La « vallée étrange » de Mori se mesure à l'aune de l'imitation parfaite. Et si un robot traversait l’autre côté de ce bâton ? Une imitation d’intelligence peut-elle être plus intelligente , et encore plus humaine, que les humains qui l’ont créée ? Nous avons fabriqué des microscopes et des télescopes qui nous permettent de voir ce que l'œil ne peut pas voir, ainsi que des machines qui volent plus haut et plus loin que n'importe quel oiseau. Qu’arrivera-t-il à l’intelligence artificielle lorsqu’elle atteindra des domaines que notre esprit est incapable d’atteindre et peut-être même de concevoir ? L'intelligence est le trait le plus précieux que nous possédons, la fierté de notre espèce . Si nous envoyions dans l’espace une arche contenant des créations humaines, nous n’enverrions pas notre abondante sueur pour maintenir la régulation thermique, ni les dissections des genoux et des coudes pour montrer la polyvalence articulatoire d’un membre. Il y aurait des chansons, des poèmes, des lettres, des peintures . Bref, différentes expressions de l'intelligence et de la culture.

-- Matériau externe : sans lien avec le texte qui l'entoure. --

lemma P_row_avoids_pair:
  assumes cols: "distinct [j, m, a, b, c, d]" "{1..6} = {j, m, a, b, c, d}"
    and r: "r \<in> {1..6}" "F r a \<noteq> 0" "F r b \<noteq> 0"
    and s: "s \<in> {1..6}" "s \<notin> {1, i, r}"
  shows "(P s a = 0 \<and> P s b = 0) \<or> P s c = 0 \<or> P s d = 0"
proof (rule ccontr)
  assume "\<not> ?thesis"
  then have "P s c \<noteq> 0" "P s d \<noteq> 0" and P_s_ab: "P s a \<noteq> 0 \<or> P s b \<noteq> 0"
    by auto
  have abcd: "a \<in> {1..6}" "b \<in> {1..6}" "c \<in> {1..6}" "d \<in> {1..6}"
    using cols(2) by blast+
  have "F s c = 0" "F s d = 0" "F s j = 0" "F s m = 0"
    using disjoint[OF s(1) _ abcd(3)] disjoint[OF s(1) _ abcd(4)] \<open>P s c \<noteq> 0\<close> \<open>P s d \<noteq> 0\<close>
      F_j[OF s(1)] F_m[OF s(1)] s(2) by auto
  moreover have "(\<Sum>k\<in>{j, m, a, b, c, d}. cnj (F s k) * F r k) = 0"
    using onb_orthonormal[OF onb_F s(1) r(1)] cols(2) s(2) by simp
  moreover have "(\<Sum>k\<in>{j, m, a, b, c, d}. cnj (F s k) * F s k) = 1"
    using onb_orthonormal[OF onb_F s(1) s(1)] cols(2) by simp
  ultimately have "cnj (F s a) * F r a + cnj (F s b) * F r b = 0"
    and "cnj (F s a) * F s a + cnj (F s b) * F s b = 1"
    using cols(1) by (simp_all add: add.assoc)
  then have "F s a \<noteq> 0" "F s b \<noteq> 0"
    using r(2,3) by auto
  then show False
    using P_s_ab disjoint[OF s(1) _ abcd(1)] disjoint[OF s(1) _ abcd(2)] s(2) by auto
qed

Pour cette raison, personne n’est offensé qu’une voiture soit plus rapide que nous, mais nous craignons qu’une machine pense mieux . Parce qu’elle touche notre fibre la plus intime. Que ressentirions-nous, en fin de compte, s’il existait une espèce d’entités artificielles bien plus intelligentes que nous ?
Une partie du ressentiment est évidente. Ils seront meilleurs dans cette qualité qui a fait de nous ce que nous sommes. Parce que, pour le meilleur et pour le pire, les bâtiments, les cathédrales, les imprimeries, les décharges, les guerres, les bombes, les lettres d'amour, les télescopes, les théorèmes et les cirques sont des exemples de nos créations. Nous ne sommes pas une espèce particulièrement rapide, forte ou résiliente. L'intelligence est l'outil avec lequel nous croyons gouverner le monde et imposer notre volonté aux autres créatures. Mais, comme le montre notre propre expérience, l’espèce la plus intelligente est celle qui fixe les règles . Nous ferions bien de nous demander et de spéculer sur ce qui pourrait arriver lorsqu'un jour quelqu'un ou quelque chose nous rattraperait, et c'est peut-être lui qui déciderait si nous sommes en liberté, en laisse ou en cage.